If you can output your data via SPI it is much faster (see TurboSpi Library):

Ethernet2 (UDP) SPI transfers have a lot of dead time - Arduino Due - Arduino Forum reply #36 . This is with the SPI header

or you can use USART0 or USART1 in SPI mode.

So I saw at SPI reference that it is possible to use 3 different PINs as Output (4,10,52) . So what I thought: Is it possbile to write 1152bit to different pins from an array with 12-bit per int like this:

for(int i=0;i<48;i++){ //48*2*12 = 1152

SPI.transfer(4,array[i],sizeof(array[i])); //size is 12 bit
SPI.transfer(10,array[576+i],sizeof(array[i])); //size is 12 bit

}

and using the last SPI pin as a Clock like this:

for(int i = 0;i<Clockticks;i++)
{
SPI.transfer(52,01b;sizeof(2*bit)); //I don't know which is the right type I need the buffersize here
}

So just in theory is this possbile or better just use pmc or timer without isr for getting a simple square wave?
The most important thing would be the parallel data shift.
And when using the TurboSpi can I also use different pins?

EDIT: I already see the problem in the first one it is no real parallel data out. There might also be the option to put data out only on one pin but this needs to happen fast enough so maybe gonna use TurboSPI for this.

Sigh. Lengthy reply wiped out by web page :frowning:

  • please provide example code that compiles and runs.
  • use separate code for each possible value with special actions. Right now, j=576 gets tested for 3 times, and executes 3 code segments.
  • check if "bit-banding" can speed up IO.
 if (((Tdata[767 - a] >> count) & 0x1)) {
        REG_PIOD_SODR = 0x1 << 8;
      } else {
        REG_PIOD_CODR = 0x1 << 8;
      }

Might become:

  PIOBANDEDBITS[8] = Tdata[767 - a] >> count;

with associated less masking and loading of bitshifted constants.
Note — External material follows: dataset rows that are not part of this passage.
(* Assume (A1), (A2) and (A4) below, and let $\varepsilon_\diamond$ be as below. Let $A\subseteq\operatorname{cl}\mathbb{B}_R^N$ be finite, and set $\tilde A_\varepsilon=A\cap\mathbb{A}_\varepsilon$ and $\tilde A_{\omega,n}=A\cap A_{\omega,n}$. Then for every $0<\varepsilon\le\varepsilon_\diamond$ and $n\in\mathbb{N}_+$, $$\mathbb{P}\Big(\big\{\omega : \tilde A_{-\varepsilon}\subseteq\tilde A_{\omega,n}\subseteq\tilde A_{\varepsilon}\big\}^c\Big)\le 2N|A|\exp\Big(-\frac{\varepsilon^2 n}{3M_h^2}\Big).$$
   Context: Setting. $(\Omega,\mathcal{F},\mathbb{P})$ is a probability space; $N,d\in\mathbb{N}_+$, $R>0$, $\lambda>0$. $\mathcal{X}\subseteq\mathbb{R}^{n_x}$, $\mathcal{Y}\subseteq\mathbb{R}^{n_y}$ are compact; $X:\Omega\to\mathcal{X}$, $Y:\Omega\to\mathcal{Y}$ are random variables. $\phi_1,\dots,\phi_d$ are continuous on $\mathcal{X}$, $\Phi^d(x)=[\phi_l(x)]_{l=1}^d$. $\mathbb{B}_R=\{a\in\mathbb{R}^d:\|a\|_2<R\}$, $\operatorname{cl}\mathbb{B}_R$ its closure, $\operatorname{cl}\mathbb{B}_R^N=\prod_{i=1}^N\operatorname{cl}\mathbb{B}_R\subseteq\mathbb{R}^{Nd}$. A profile $\mathbf{a}=[a^1;\dots;a^N]$, $a^i\in\mathbb{R}^d$, defines $\hat z^i(x)=\sum_l a^i_l\phi_l(x)$ and $\hat z^{-i}(x)$ (stack over $j\neq i$). $\hat{\mathcal{Z}}^i=\bigcup\{\hat z^i(\mathcal{X}):a^i\in\operatorname{cl}\mathbb{B}_R\}$, $\hat{\mathcal{Z}}=\prod_i\hat{\mathcal{Z}}^i$. Player $i$ has objective $J^i(z^i;y,z^{-i})$ (derivative $\partial J^i$ in $z^i$) and constraint $h^i:\hat{\mathcal{Z}}^i\times\mathcal{Y}\to\mathbb{R}$. $F(z;y)=[\partial J^i(z^i;y,z^{-i})]_i$; $\mathbf{F}(\mathbf{a};x,y)=[\partial J^i(\hat z^i(x);y,\hat z^{-i}(x))\Phi^d(x)]_i$; $\mathbb{F}^0(\mathbf{a})=\mathbb{E}[\mathbf{F}(\mathbf{a};X,Y)]$; $\mathbf{h}^i(a^i;x,y)=h^i(\hat z^i(x);y)$; $\bar h^i(a^i)=\mathbb{E}[\mathbf{h}^i(a^i;X,Y)]$. $(X^k,Y^k)_{k\ge1}$ are i.i.d. copies of $(X,Y)$ on $\Omega$; $\mathbf{h}^i_{\omega,n}(a^i)=\frac1n\sum_{k=1}^n\mathbf{h}^i(a^i;X^k(\omega),Y^k(\omega))$. For $\varepsilon\in\mathbb{R}$: $\mathbb{A}^i_\varepsilon=\{a^i\in\operatorname{cl}\mathbb{B}_R:\bar h^i(a^i)\le\varepsilon\}$, $\mathbb{A}_\varepsilon=\prod_i\mathbb{A}^i_\varepsilon$; $A^i_{\omega,n}=\{a^i\in\operatorname{cl}\mathbb{B}_R:\mathbf{h}^i_{\omega,n}(a^i)\le0\}$, $A_{\omega,n}=\prod_iA^i_{\omega,n}$. (A1) Each $J^i(\cdot;y,z^{-i})$ is continuously differentiable. (A2) For all $y$, $F(\cdot;y)$ is $L_F$-Lipschitz on $\hat{\mathcal{Z}}$ and each $h^i(\cdot;y)$ is $L_h$-Lipschitz on $\hat{\mathcal{Z}}^i$; some $z\in\hat{\mathcal{Z}}$ has $F(z;\mathcal{Y})$ and all $h^i(z^i;\mathcal{Y})$ bounded. Fix $M_h$ with $\sup_{z\in\hat{\mathcal{Z}},y\in\mathcal{Y}}\max_i|h^i(z^i;y)|<M_h$. (A4) There is $\varepsilon_h>0$ such that for every $i$, $\{a^i\in\operatorname{cl}\mathbb{B}_R:\bar h^i(a^i)\le-\varepsilon_h\}\ne\varnothing$. The constant $\varepsilon_\diamond\in(0,\varepsilon_h)$: for every $\mathbf{a}\in\operatorname{cl}\mathbb{B}_R^N$, each centered random variable $W$ of the form $[\mathbf{F}(\mathbf{a};X,Y)]_l-[\mathbb{F}^0(\mathbf{a})]_l$ or $\mathbf{h}^i(a^i;X,Y)-\bar h^i(a^i)$, with variance $\sigma^2$, has rate function $I(u)=\sup_t\{tu-\log\mathbb{E}[e^{tW}]\}$ satisfying $I(u)\ge u^2/(3\sigma^2)$ for $0<u\le\varepsilon_\diamond$. *)

theory Defs
  imports "HOL-Probability.Probability"
begin

text \<open>Vectors in R^d are represented as extensional functions nat => real
  (entries at indices >= d are 0); profiles a = [a^1;...;a^N] are functions
  nat => nat => real with a i l = a^i_l (players i < N, components l < d).\<close>

definition ballR :: "nat \<Rightarrow> real \<Rightarrow> (nat \<Rightarrow> real) set" where
  "ballR d R = {c. L2_set c {..<d} \<le> R \<and> (\<forall>l\<ge>d. c l = 0)}"

definition ballRN :: "nat \<Rightarrow> nat \<Rightarrow> real \<Rightarrow> (nat \<Rightarrow> nat \<Rightarrow> real) set" where
  "ballRN N d R = {a. (\<forall>i<N. a i \<in> ballR d R) \<and> (\<forall>i\<ge>N. a i = (\<lambda>_. 0))}"

definition zhat :: "nat \<Rightarrow> (nat \<Rightarrow> 'x \<Rightarrow> real) \<Rightarrow> (nat \<Rightarrow> real) \<Rightarrow> 'x \<Rightarrow> real" where
  "zhat d \<phi> c x = (\<Sum>l<d. c l * \<phi> l x)"

definition zhatN :: "nat \<Rightarrow> nat \<Rightarrow> (nat \<Rightarrow> 'x \<Rightarrow> real) \<Rightarrow> (nat \<Rightarrow> nat \<Rightarrow> real) \<Rightarrow> 'x \<Rightarrow> (nat \<Rightarrow> real)" where
  "zhatN N d \<phi> a x = (\<lambda>i. if i < N then zhat d \<phi> (a i) x else 0)"

definition Zhat_i :: "nat \<Rightarrow> real \<Rightarrow> (nat \<Rightarrow> 'x \<Rightarrow> real) \<Rightarrow> 'x set \<Rightarrow> real set" where
  "Zhat_i d R \<phi> Xs = {zhat d \<phi> c x | c x. c \<in> ballR d R \<and> x \<in> Xs}"

definition ZhatN :: "nat \<Rightarrow> nat \<Rightarrow> real \<Rightarrow> (nat \<Rightarrow> 'x \<Rightarrow> real) \<Rightarrow> 'x set \<Rightarrow> (nat \<Rightarrow> real) set" where
  "ZhatN N d R \<phi> Xs = {z. (\<forall>i<N. z i \<in> Zhat_i d R \<phi> Xs) \<and> (\<forall>i\<ge>N. z i = 0)}"

definition hbar :: "'w measure \<Rightarrow> ('w \<Rightarrow> 'x) \<Rightarrow> ('w \<Rightarrow> 'y) \<Rightarrow> nat \<Rightarrow> (nat \<Rightarrow> 'x \<Rightarrow> real)
    \<Rightarrow> (nat \<Rightarrow> real \<Rightarrow> 'y \<Rightarrow> real) \<Rightarrow> nat \<Rightarrow> (nat \<Rightarrow> real) \<Rightarrow> real" where
  "hbar M X Y d \<phi> h i c = (\<integral>\<omega>. h i (zhat d \<phi> c (X \<omega>)) (Y \<omega>) \<partial>M)"

definition hemp :: "(nat \<Rightarrow> 'w \<Rightarrow> 'x) \<Rightarrow> (nat \<Rightarrow> 'w \<Rightarrow> 'y) \<Rightarrow> nat \<Rightarrow> (nat \<Rightarrow> 'x \<Rightarrow> real)
    \<Rightarrow> (nat \<Rightarrow> real \<Rightarrow> 'y \<Rightarrow> real) \<Rightarrow> nat \<Rightarrow> 'w \<Rightarrow> nat \<Rightarrow> (nat \<Rightarrow> real) \<Rightarrow> real" where
  "hemp Xk Yk d \<phi> h n \<omega> i c = (\<Sum>k\<in>{1..n}. h i (zhat d \<phi> c (Xk k \<omega>)) (Yk k \<omega>)) / real n"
I haven't actually ever used bit-banding, because I've never quite seen a case where it would obviously work better, but your code where you're trying to manipulate multiple bits in one Port might be such a case...

Thanks westfw I will definitly try this!
EDIT: Where do I see which Port I use while bit-banding? I only see the word PIO BANDED BITS in the sentence so when trying to access different ports where do I declear this?
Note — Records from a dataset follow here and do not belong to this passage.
theorem proposition2p1:
  fixes q t :: "'a::field"
  shows "F_series q t =
    fps_const t * fps_X /
      (1 - fps_const ((1 + q) * (1 + t)) * fps_X + fps_const q * fps_X ^ 2)"
proof -
  let ?F = "F_series q t" and ?G = "Abs_fps (q_int q)"
  let ?D = "1 - fps_const ((1 + q) * (1 + t)) * fps_X + fps_const q * fps_X ^ 2 :: 'a fps"
  have D: "?D = (1 - fps_X) * (1 - fps_const q * fps_X) - fps_const ((1 + q) * t) * fps_X"
    by (simp add: algebra_simps power2_eq_square flip: fps_const_mult fps_const_add)
  have D_nth_0: "?D $ 0 = 1" by simp
  have "?F * ((1 - fps_X) * (1 - fps_const q * fps_X)) =
      (fps_const t + fps_const ((1 + q) * t) * ?F) * (?G * ((1 - fps_X) * (1 - fps_const q * fps_X)))"
    by (subst F_series_eq) (simp add: algebra_simps flip: fps_const_mult fps_const_add)
  then have "?F * ?D = fps_const t * fps_X"
    unfolding D q_int_fps_times_denominator by (simp add: algebra_simps flip: fps_const_mult fps_const_add)
  moreover have "?D \<noteq> 0"
    by (metis fps_zero_nth zero_neq_one D_nth_0)
  ultimately show ?thesis
    by (metis nonzero_mult_div_cancel_right)
qed

end
(* There exists an integer $a_0$ such that for every integer $a\ge a_0$ and every positive integer $k\le\log a$ (natural logarithm), with positive probability the random graph $G_{a,k}$ satisfies both: (i) $G_{a,k}$ has a fractional $2$-guidance system with maximum outdegree at most $3$, and (ii) $G_{a,k}$ does not have a weak $2$-guidance system with maximum outdegree at most $k$.
   Context: For positive integers $a,k$, let $m=k2^{k+1}$. The random graph $G_{a,k}$ is obtained as follows: take disjoint sets $L$ of size $a$ and $R$ of size $ma$, and join each vertex of $L$ to each vertex of $R$ independently with probability $1/2$ (no other edges among $L\cup R$); partition $R$ arbitrarily into $m$ parts $R_1,\dots,R_m$ of size $a$, and for each $i$ add a new vertex $x_i$ adjacent exactly to all vertices of $R_i$. A partial orientation of $G$ is a directed graph $\vec{H}$ on $V(G)$ such that every $(u,v)\in E(\vec{H})$ satisfies $uv\in E(G)$. $B_{\vec{H}}(v,a)$ is the set of vertices reachable from $v$ by a directed path of length at most $a$. A weak $r$-guidance system of $G$ is a partial orientation $\vec{H}$ such that for any distinct $u,v$ at distance $\ell\le r$ in $G$ there exist non-negative integers $a,b$ with $a+b=\ell-1$ such that $G$ has an edge between $B_{\vec{H}}(u,a)$ and $B_{\vec{H}}(v,b)$. For $u,v$ at distance $\ell$, $\Gamma_G(u,v)$ is the set of neighbors of $u$ at distance $\ell-1$ from $v$. A fractional orientation is a function $p$ assigning a non-negative real $p(u,v)$ to each ordered pair of adjacent vertices; its maximum outdegree is $\max_u\sum_{v:uv\in E(G)}p(u,v)$. A fractional $r$-guidance system is a fractional orientation $p$ such that for all $u,v$ at distance $\ell$ with $2\le\ell\le r$, $\sum_{y\in\Gamma_G(u,v)}p(u,y)+\sum_{y\in\Gamma_G(v,u)}p(v,y)\ge1$. *)

theory Defs
  imports "HOL-Probability.Probability"
begin

inductive walk :: "('v \<Rightarrow> 'v \<Rightarrow> bool) \<Rightarrow> nat \<Rightarrow> 'v \<Rightarrow> 'v \<Rightarrow> bool"
  for adj where
  walk_nil: "walk adj 0 u u"
| walk_step: "adj u w \<Longrightarrow> walk adj n w v \<Longrightarrow> walk adj (Suc n) u v"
So yesterday I was reading through the SPI part on the SAM3x datasheet. Is it possible to do some port manipulation with SPI?
Something like:

SPI0 ->SPI_CR =  SPI_CR_SPIEN ;
SPI0 -> SPI_MR = SPI_MR_MSTR

and so on? Becasue I have seen on page 703 that I can select how many Bits I want to transfer this would definitly make things easier if I could do SPI_CSR1 = SPI_CSR_BITS_12_BIT.

When trying to compile this code it doens't work so how do I program it the right way?

An example of SPI_CSR programming:

// Data transfer parameters
SPI0->SPI_CSR[0] = SPI_CSR_CPOL          // Inactive state value of SPCK is logic level one
                    | SPI_CSR_NCPHA       // Data is captured on the leading edge of SPCK and changed on the following edge
                    | SPI_CSR_CSNAAT       // Chip select active after transfer
                    | SPI_CSR_BITS_12_BIT // Bits per transfer
                    | SPI_CSR_SCBR(100)   // bit rate
                    | SPI_CSR_DLYBS(100); // delay from NPCS falling edge (activation)

Where do I see which Port I use while bit-banding?

Ah. I didn't notice that you had bits on separate PORTs. That will make bit-banding less attractive :frowning:
if you wanted to access "xxxx_bits[bitnumber]", you'd need a separate definition for each port.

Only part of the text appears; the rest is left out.